> Assigned task: Copy each line below holding "metis".

[Records drawn from a dataset]
lemma coupling_time_exp_moment:
  fixes Q :: "'a::t2_space \<times> 'a \<Rightarrow> ('a \<times> 'a) measure" and \<mu> :: "'a \<Rightarrow> 'a measure"
    and small :: "'a \<Rightarrow> 'a \<Rightarrow> bool"
  assumes Q: "Q \<in> borel \<rightarrow>\<^sub>M prob_algebra borel"
    and coupling: "\<And>x y. is_coupling (Q (x, y)) (\<mu> x) (\<mu> y)"
    and V: "V \<in> borel_measurable borel" "\<And>x. 1 \<le> V x"
    and a: "0 < a" "a < 1" and \<beta>: "0 < \<beta>" and c: "c < 1"
    and large_drift: "\<And>x y. \<not> small x y \<Longrightarrow>
       (\<integral>\<^sup>+ z. ennreal (V z) \<partial>\<mu> x) + (\<integral>\<^sup>+ z. ennreal (V z) \<partial>\<mu> y) \<le> ennreal (a * (V x + V y))"
    and small_drift: "\<And>x y. small x y \<Longrightarrow>
       (\<integral>\<^sup>+ z. ennreal (V z) \<partial>\<mu> x) + (\<integral>\<^sup>+ z. ennreal (V z) \<partial>\<mu> y) \<le> ennreal \<beta>"
    and small_coupled: "\<And>x y. small x y \<Longrightarrow> measure (Q (x, y)) {(u, v). u \<noteq> v} \<le> c"
  shows "\<exists>\<epsilon>>0. \<exists>C>0. \<forall>x y (Om :: 'w measure) S. markov_chain_from Om S borel Q (x, y) \<longrightarrow>
           (\<integral>\<^sup>+ w. exp_enat \<epsilon> (coupling_time (S w)) \<partial>Om) \<le> ennreal (C * (1 + V x + V y))"
proof -
  obtain b \<theta> where "0 < b" "0 < \<theta>" "\<theta> < 1"
    and drift: "\<And>s. (\<integral>\<^sup>+ z. indicator {(u, v). u \<noteq> v} z * ennreal (V (fst z) + V (snd z) + b) \<partial>Q s)
           \<le> ennreal \<theta> * ennreal (V (fst s) + V (snd s) + b)"
    using coupling_kernel_drift[OF coupling V a \<beta> c large_drift small_drift small_coupled] by blast
  define h where "h s = ennreal (V (fst s) + V (snd s) + b)" for s :: "'a \<times> 'a"
  define K where "K = 1 / (sqrt \<theta> * (1 - sqrt \<theta>))"
  have "0 < K" using \<open>0 < \<theta>\<close> \<open>\<theta> < 1\<close> by (simp add: K_def)
  have bound: "(\<integral>\<^sup>+ w. exp_enat (- ln \<theta> / 2) (coupling_time (S w)) \<partial>Om)
      \<le> ennreal ((1 + K * (1 + b)) * (1 + V x + V y))"
    if mc: "markov_chain_from Om S borel Q (x, y)" for x y and Om :: "'w measure" and S
  proof -
    have W: "0 \<le> V x + V y" using V(2)[of x] V(2)[of y] by simp
    have "(\<integral>\<^sup>+ w. exp_enat (- ln \<theta> / 2) (coupling_time (S w)) \<partial>Om) \<le> 1 + ennreal K * h (x, y)"
      unfolding K_def
    proof (rule markov_chain_coupling_time_exp_moment[OF mc measurable_prob_algebraD[OF Q]])
      have [measurable]: "fst \<in> borel_measurable borel" "snd \<in> borel_measurable borel"
        by (simp_all add: borel_measurable_continuous_onI continuous_on_fst continuous_on_snd)
      show "h \<in> borel_measurable borel" unfolding h_def using V(1) by measurable
      show "1 \<le> h s" for s
        using ennreal_leI[of 1 "V (fst s) + V (snd s) + b"] V(2)[of "fst s"] V(2)[of "snd s"] \<open>0 < b\<close>
        by (simp add: h_def del: ennreal_plus)
    qed (use \<open>0 < \<theta>\<close> \<open>\<theta> < 1\<close> drift in \<open>simp_all add: h_def\<close>)
    also have "\<dots> = ennreal (1 + K * (V x + V y + b))"
      using W \<open>0 < b\<close> \<open>0 < K\<close> by (simp add: h_def ennreal_mult)
    also have "\<dots> \<le> ennreal ((1 + K * (1 + b)) * (1 + V x + V y))"
      using W \<open>0 < b\<close> \<open>0 < K\<close> mult_nonneg_nonneg[of "K * b" "V x + V y"]
      by (intro ennreal_leI) (simp add: algebra_simps)
    finally show ?thesis .
  qed
  moreover have "0 < - ln \<theta> / 2" using \<open>0 < \<theta>\<close> \<open>\<theta> < 1\<close> by simp
  moreover have "0 < 1 + K * (1 + b)" using \<open>0 < K\<close> \<open>0 < b\<close> by (simp add: add_pos_pos)
  ultimately show ?thesis by blast
qed
section \<open>Separated sets of times\<close>

definition separated :: "('k \<Rightarrow> 'x \<Rightarrow> complex) \<Rightarrow> 'x set \<Rightarrow> real \<Rightarrow> 'k set \<Rightarrow> bool" where
  "separated w I r S \<longleftrightarrow> (\<forall>k\<in>S. \<forall>k'\<in>S. k \<noteq> k' \<longrightarrow> (\<exists>x\<in>I. r \<le> cmod (w k x - w k' x)))"

definition grid_cell :: "real \<Rightarrow> complex \<Rightarrow> int \<times> int" where
  "grid_cell q z = (\<lfloor>Re z / q\<rfloor>, \<lfloor>Im z / q\<rfloor>)"

lemma grid_cell_eq_imp_dist_less:
  assumes q: "0 < q" and eq: "grid_cell q z = grid_cell q z'"
  shows "cmod (z - z') < 2 * q"
proof -
  have floor_eq: "\<bar>x - y\<bar> < 1" if "\<lfloor>x\<rfloor> = \<lfloor>y\<rfloor>" for x y :: real
    using that floor_correct[of x] floor_correct[of y] by linarith
  have "\<bar>Re z / q - Re z' / q\<bar> < 1" "\<bar>Im z / q - Im z' / q\<bar> < 1"
    using eq by (auto simp: grid_cell_def floor_eq)
  then have "\<bar>Re (z - z')\<bar> < q" "\<bar>Im (z - z')\<bar> < q"
    using q by (simp_all add: diff_divide_distrib[symmetric] abs_divide divide_less_eq)
  then show ?thesis using cmod_le[of "z - z'"] by linarith
qed

lemma grid_cell_bounded:
  assumes q: "0 < q" and z: "cmod z \<le> R"
  shows "grid_cell q z \<in> {-\<lceil>R/q\<rceil>..\<lceil>R/q\<rceil>} \<times> {-\<lceil>R/q\<rceil>..\<lceil>R/q\<rceil>}"
proof -
  have "\<lfloor>t / q\<rfloor> \<in> {-\<lceil>R/q\<rceil>..\<lceil>R/q\<rceil>}" if t: "\<bar>t\<bar> \<le> R" for t
  proof -
    have "-R/q \<le> t/q" "t/q \<le> R/q"
      using divide_right_mono[of "-R" t q] divide_right_mono[of t R q] t q by auto
    then have "\<lfloor>-R/q\<rfloor> \<le> \<lfloor>t/q\<rfloor>" "\<lfloor>t/q\<rfloor> \<le> \<lfloor>R/q\<rfloor>" by (simp_all add: floor_mono)
    then show ?thesis using floor_le_ceiling[of "R/q"] by (simp add: floor_minus del: floor_le_ceiling)
  qed
  then show ?thesis unfolding grid_cell_def
    using abs_Re_le_cmod[of z] abs_Im_le_cmod[of z] z by auto
qed

text \<open>Two separated indices never share the \<open>r/2\<close>-grid cells of all their coordinates.\<close>

lemma separated_card_bounded:
  assumes I: "finite I" and r: "0 < r" and R: "\<And>k x. x \<in> I \<Longrightarrow> cmod (w k x) \<le> R"
  obtains N where "\<And>S. separated w I r S \<Longrightarrow> finite S \<and> card S \<le> N"
proof -
  define M where "M = \<lceil>R / (r/2)\<rceil>"
  define G where "G = {-M..M} \<times> {-M..M}"
  define cells where "cells k = restrict (\<lambda>x. grid_cell (r/2) (w k x)) I" for k
  have cells_in: "cells k \<in> PiE I (\<lambda>_. G)" for k
    unfolding cells_def G_def M_def using grid_cell_bounded[of "r/2"] r R by auto
  have fin: "finite (PiE I (\<lambda>_. G))" unfolding G_def using I by (intro finite_PiE) auto
  have "finite S \<and> card S \<le> card (PiE I (\<lambda>_. G))" if S: "separated w I r S" for S
  proof -
    have "inj_on cells S"
    proof (rule inj_onI, rule ccontr)
      fix k k' assume k: "k \<in> S" "k' \<in> S" "cells k = cells k'" "k \<noteq> k'"
      then obtain x where x: "x \<in> I" "r \<le> cmod (w k x - w k' x)" using S unfolding separated_def by blast
      then have "grid_cell (r/2) (w k x) = grid_cell (r/2) (w k' x)"
        using fun_cong[OF k(3), of x] unfolding cells_def by simp
      then show False using grid_cell_eq_imp_dist_less[of "r/2"] r x(2) by fastforce
    qed
    moreover have "cells ` S \<subseteq> PiE I (\<lambda>_. G)" using cells_in by auto
    ultimately show ?thesis using fin card_inj_on_le finite_imageD finite_subset by metis
  qed
  then show ?thesis using that by blast
qed

lemma maximal_separated_exists:
  assumes I: "finite I" and r: "0 < r" and R: "\<And>k x. x \<in> I \<Longrightarrow> cmod (w k x) \<le> R"
  obtains S where "finite S" "separated w I r S" "\<forall>k. \<exists>s\<in>S. \<forall>x\<in>I. cmod (w k x - w s x) < r"
proof -
  obtain N where N: "\<And>S. separated w I r S \<Longrightarrow> finite S \<and> card S \<le> N"
    using separated_card_bounded[where w=w, OF I r R] by blast
  define C where "C = card ` {S. separated w I r S}"
  have "C \<subseteq> {..N}" unfolding C_def using N by auto
  then have "finite C" by (rule finite_subset) simp
  moreover have "separated w I r {}" unfolding separated_def by simp
  then have "C \<noteq> {}" unfolding C_def by blast
  ultimately have "Max C \<in> C" by (rule Max_in)
  then obtain S where S: "separated w I r S" "card S = Max C" unfolding C_def by auto
  have "\<exists>s\<in>S. \<forall>x\<in>I. cmod (w k x - w s x) < r" for k
  proof (rule ccontr)
    assume "\<not> ?thesis"
    then have far: "\<forall>s\<in>S. \<exists>x\<in>I. r \<le> cmod (w k x - w s x)" by (auto simp: not_less)
    then have "k \<notin> S" using r by force
    have "separated w I r (insert k S)"
      using S(1) far unfolding separated_def by (metis insert_iff norm_minus_commute)
    then have "card (insert k S) \<le> Max C" unfolding C_def using \<open>finite C\<close>[unfolded C_def] by simp
    then show False using S(2) N[OF S(1)] \<open>k \<notin> S\<close> by simp
  qed
  then show ?thesis using that N[OF S(1)] S(1) by blast
qed

section \<open>Subadditive sequences\<close>

lemma subadditive_mult_add:
  fixes a :: "nat \<Rightarrow> real"
  assumes sub: "\<And>m n. a (m + n) \<le> a m + a n"
  shows "a (q * m + r) \<le> real q * a m + a r"
proof (induction q)
  case (Suc q)
  have "a (Suc q * m + r) \<le> a m + a (q * m + r)" using sub[of m "q * m + r"] by (simp add: add.assoc)
  with Suc show ?case by (simp add: algebra_simps)
qed simp
(* Let $G$ be a profinite group and $H$ an accessible subgroup of $G$ of infinite index. Suppose $G=H_0\ge\cdots\ge H_\lambda\ge\cdots\ge H_\mu=H$ is an accessible series from $G$ to $H$ over an ordinal $\mu$ such that every quotient $H_\lambda/H_{\lambda+1}$ ($\lambda<\mu$) is finite and nontrivial. Then $|\mu|=\omega_0(G/H)$.
   Context: All subgroups are closed. An accessible series from $G$ to a closed subgroup $H$ over an ordinal $\mu$ is a family of closed subgroups $G=H_0\ge\cdots\ge H_\lambda\ge\cdots\ge H_\mu=H$ with $H_{\alpha+1}\trianglelefteq H_\alpha$ for all $\alpha<\mu$ and $H_\alpha=\bigcap_{\beta<\alpha}H_\beta$ for all limit $\alpha\le\mu$; $H$ is accessible if such a series exists. For a closed non-open subgroup $H$ of $G$, $\omega_0(G/H)$ denotes the cardinality of the set of all open subgroups of $G$ containing $H$; $|\mu|$ is the cardinality of the ordinal $\mu$. *)

theory Defs
  imports "HOL-Analysis.Analysis" "HOL-Algebra.Algebra" "HOL-Library.Equipollence"
begin

definition topological_group :: "('a, 'b) monoid_scheme \<Rightarrow> 'a topology \<Rightarrow> bool" where
  "topological_group G T \<longleftrightarrow>
     group G \<and> topspace T = carrier G \<and>
     continuous_map (prod_topology T T) T (\<lambda>(x, y). x \<otimes>\<^bsub>G\<^esub> y) \<and>
     continuous_map T T (\<lambda>x. inv\<^bsub>G\<^esub> x)"
lemma branch_meets_hull_neighbour:
  assumes S: "S \<subseteq> V" and x: "x \<in> hull_verts V E S - S"
    and y: "E x y" "branch_meets x y S"
  shows "y \<in> hull_verts V E S"
proof -
  obtain s where s: "s \<in> S" "conn (V - {x}) y s"
    using y(2) unfolding branch_meets_def by blast
  have yV: "y \<in> V" "y \<noteq> x" using edge_in_V[OF y(1)] edge_irrefl y(1) by auto
  obtain a b where ab: "a \<in> S" "b \<in> S" "x \<in> path_verts V E a b"
    using x unfolding hull_verts_def by blast
  have sep: "\<not> conn (V - {x}) a b"
    using path_verts_separates[OF ab(3)] ab x by blast
  show ?thesis
  proof (cases "y \<in> S")
    case True
    then show ?thesis using self_in_path_verts yV unfolding hull_verts_def by blast
  next
    case False
    have "\<not> conn (V - {x}) y a \<or> \<not> conn (V - {x}) y b"
      using sep by (meson conn_sym conn_trans)
    then obtain t where t: "t \<in> S" "\<not> conn (V - {x}) y t"
      using ab by blast
    have "\<not> conn (V - {y}) s t"
    proof
      assume "conn (V - {y}) s t"
      moreover have "conn (V - {y}) x t" using conn_from_separator yV t S by blast
      ultimately have "conn (V - {y}) x s" using conn_sym conn_trans by blast
      then show False using edge_no_detour[OF y(1)] conn_sym[OF s(2)] by blast
    qed
    then have "y \<in> path_verts V E s t" using separator_in_path_verts S s(1) t(1) by blast
    then show ?thesis using s(1) t(1) unfolding hull_verts_def by blast
  qed
qed

lemma hull_vertex_two_branches:
  assumes S: "S \<subseteq> V" and x: "x \<in> hull_verts V E S - S"
  shows "2 \<le> card {y. E x y \<and> branch_meets x y S}"
proof -
  obtain a b where ab: "a \<in> S" "b \<in> S" "x \<in> path_verts V E a b"
    using x unfolding hull_verts_def by blast
  have xV: "x \<in> V" using path_verts_in_V[OF ab(3)] by blast
  have sep: "\<not> conn (V - {x}) a b"
    using path_verts_separates[OF ab(3)] ab x by blast
  obtain ya where ya: "E x ya" "conn (V - {x}) ya a"
    using first_step_towards[OF xV, of a] S ab x by blast
  obtain yb where yb: "E x yb" "conn (V - {x}) yb b"
    using first_step_towards[OF xV, of b] S ab x by blast
  have "ya \<noteq> yb" using ya(2) yb(2) sep by (meson conn_sym conn_trans)
  then have "card {ya, yb} = 2" by simp
  moreover have "{ya, yb} \<subseteq> {y. E x y \<and> branch_meets x y S}"
    using ya yb ab unfolding branch_meets_def by auto
  moreover have "finite {y. E x y \<and> branch_meets x y S}"
    by (rule finite_subset[OF _ finite_V]) (use edge_in_V in blast)
  ultimately show ?thesis using card_mono by metis
qed

lemma few_branches_steiner_closed:
  assumes "few_branches S"
  shows "steiner_closed V E S"
  unfolding steiner_closed_def
proof
  fix x assume x: "x \<in> hull_verts V E S - S"
  have S: "S \<subseteq> V" using assms unfolding few_branches_def by blast
  have "{y \<in> hull_verts V E S. E x y} = {y. E x y \<and> branch_meets x y S}"
    using hull_neighbour_branch_meets branch_meets_hull_neighbour S x by blast
  moreover have "x \<in> V - S"
    using x path_verts_in_V unfolding hull_verts_def by blast
  ultimately show "card {y \<in> hull_verts V E S. E x y} = 2"
    using assms hull_vertex_two_branches[OF S x] unfolding few_branches_def by force
qed

lemma card_branches_le:
  assumes "finite W" and N: "\<And>y. y \<in> N \<Longrightarrow> E x y \<and> (\<exists>w\<in>W. conn (V - {x}) y w)"
  shows "card N \<le> card W"
proof -
  obtain f where f: "\<And>y. y \<in> N \<Longrightarrow> f y \<in> W \<and> conn (V - {x}) y (f y)"
    using N by metis
  have "inj_on f N"
  proof (rule inj_onI)
    fix y1 y2 assume "y1 \<in> N" "y2 \<in> N" "f y1 = f y2"
    then have "conn (V - {x}) y1 y2" using f conn_sym conn_trans by metis
    then show "y1 = y2" using neighbours_separated N \<open>y1 \<in> N\<close> \<open>y2 \<in> N\<close> by blast
  qed
  then show ?thesis using card_inj_on_le[of f N W] f \<open>finite W\<close> by blast
qed

definition boundary :: "'a set \<Rightarrow> 'a set \<Rightarrow> 'a set" where
  "boundary A C = {b \<in> A. \<exists>c\<in>C. E c b}"

lemma finite_boundary: "A \<subseteq> V \<Longrightarrow> finite (boundary A C)"
  unfolding boundary_def using finite_V by (auto intro: finite_subset)

lemma boundary_Un_singleton_subset: "D \<subseteq> C \<Longrightarrow> boundary (A \<union> {v}) D \<subseteq> boundary A C \<union> {v}"
  unfolding boundary_def by blast

lemma branch_reaches_boundary:
  assumes C: "C \<in> components E (V - A)" and x: "x \<in> C" and e: "E x y"
    and ys: "conn (V - {x}) y s" and s: "s \<in> A"
  shows "\<exists>b\<in>boundary A C. conn (V - {x}) y b"
proof (cases "y \<in> A")
  case True
  then have "y \<in> boundary A C" using x e unfolding boundary_def by blast
  moreover have "conn (V - {x}) y y" using conn_in[OF ys] by (simp add: conn_refl)
  ultimately show ?thesis by blast
next
  case False
  then have yC: "y \<in> C" using components_closed[OF C x] e edge_in_V by blast
  have "s \<notin> C" using components_subset[OF C] s by blast
  then obtain u u' where uu: "conn (V - {x}) y u" "u \<in> C" "u' \<in> V - {x}" "u' \<notin> C" "E u u'"
    by (rule reachable_exit[OF ys yC])
  have "u' \<in> boundary A C"
    using components_closed[OF C uu(2)] uu unfolding boundary_def by blast
  moreover have "conn (V - {x}) y u'"
    using uu conn_in[OF uu(1)] by (blast intro: conn_trans conn_step)
  ultimately show ?thesis by blast
qed

lemma few_branches_insert_outside:
  assumes A: "few_branches A" and C: "C \<in> components E (V - A)" and v: "v \<in> C"
    and x: "x \<in> V - (A \<union> {v})" "x \<notin> C"
  shows "card {y. E x y \<and> branch_meets x y (A \<union> {v})} \<le> 2"
proof (cases "A = {}")
  case True
  have "card {y. E x y \<and> branch_meets x y (A \<union> {v})} \<le> card {v}"
    by (rule card_branches_le) (auto simp: True branch_meets_def)
  then show ?thesis by simp
next
  case False
  then obtain a where a: "a \<in> A" by blast
  have AV: "A \<subseteq> V" and CV: "C \<subseteq> V - A"
    using A components_subset[OF C] unfolding few_branches_def by auto
  have "conn V v a" using conn_V CV v AV a by blast
  moreover have "a \<notin> C" using a CV by blast
  ultimately obtain u u' where uu: "conn V v u" "u \<in> C" "u' \<in> V" "u' \<notin> C" "E u u'"
    by (rule reachable_exit[OF _ v])
  have u'A: "u' \<in> A" using components_closed[OF C uu(2)] uu by blast
  have "C \<subseteq> V - {x}" using CV x by blast
  then have "conn (V - {x}) v u" using components_conn[OF C v uu(2)] conn_mono by blast
  moreover have "conn (V - {x}) u u'"
    using uu u'A x \<open>C \<subseteq> V - {x}\<close> by (intro conn_step) auto
  ultimately have vu': "conn (V - {x}) v u'" by (rule conn_trans)
  have "{y. E x y \<and> branch_meets x y (A \<union> {v})} \<subseteq> {y. E x y \<and> branch_meets x y A}"
    using vu' u'A conn_trans unfolding branch_meets_def by blast
  moreover have "card {y. E x y \<and> branch_meets x y A} \<le> 2"
    using A x unfolding few_branches_def by blast
  moreover have "finite {y. E x y \<and> branch_meets x y A}"
    by (rule finite_subset[OF _ finite_V]) (use edge_in_V in blast)
  ultimately show ?thesis by (meson card_mono le_trans)
qed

> Task response:
    ultimately show ?thesis using fin card_inj_on_le finite_imageD finite_subset by metis
      using S(1) far unfolding separated_def by (metis insert_iff norm_minus_commute)
  ultimately show ?thesis using card_mono by metis
    using N by metis
    then have "conn (V - {x}) y1 y2" using f conn_sym conn_trans by metis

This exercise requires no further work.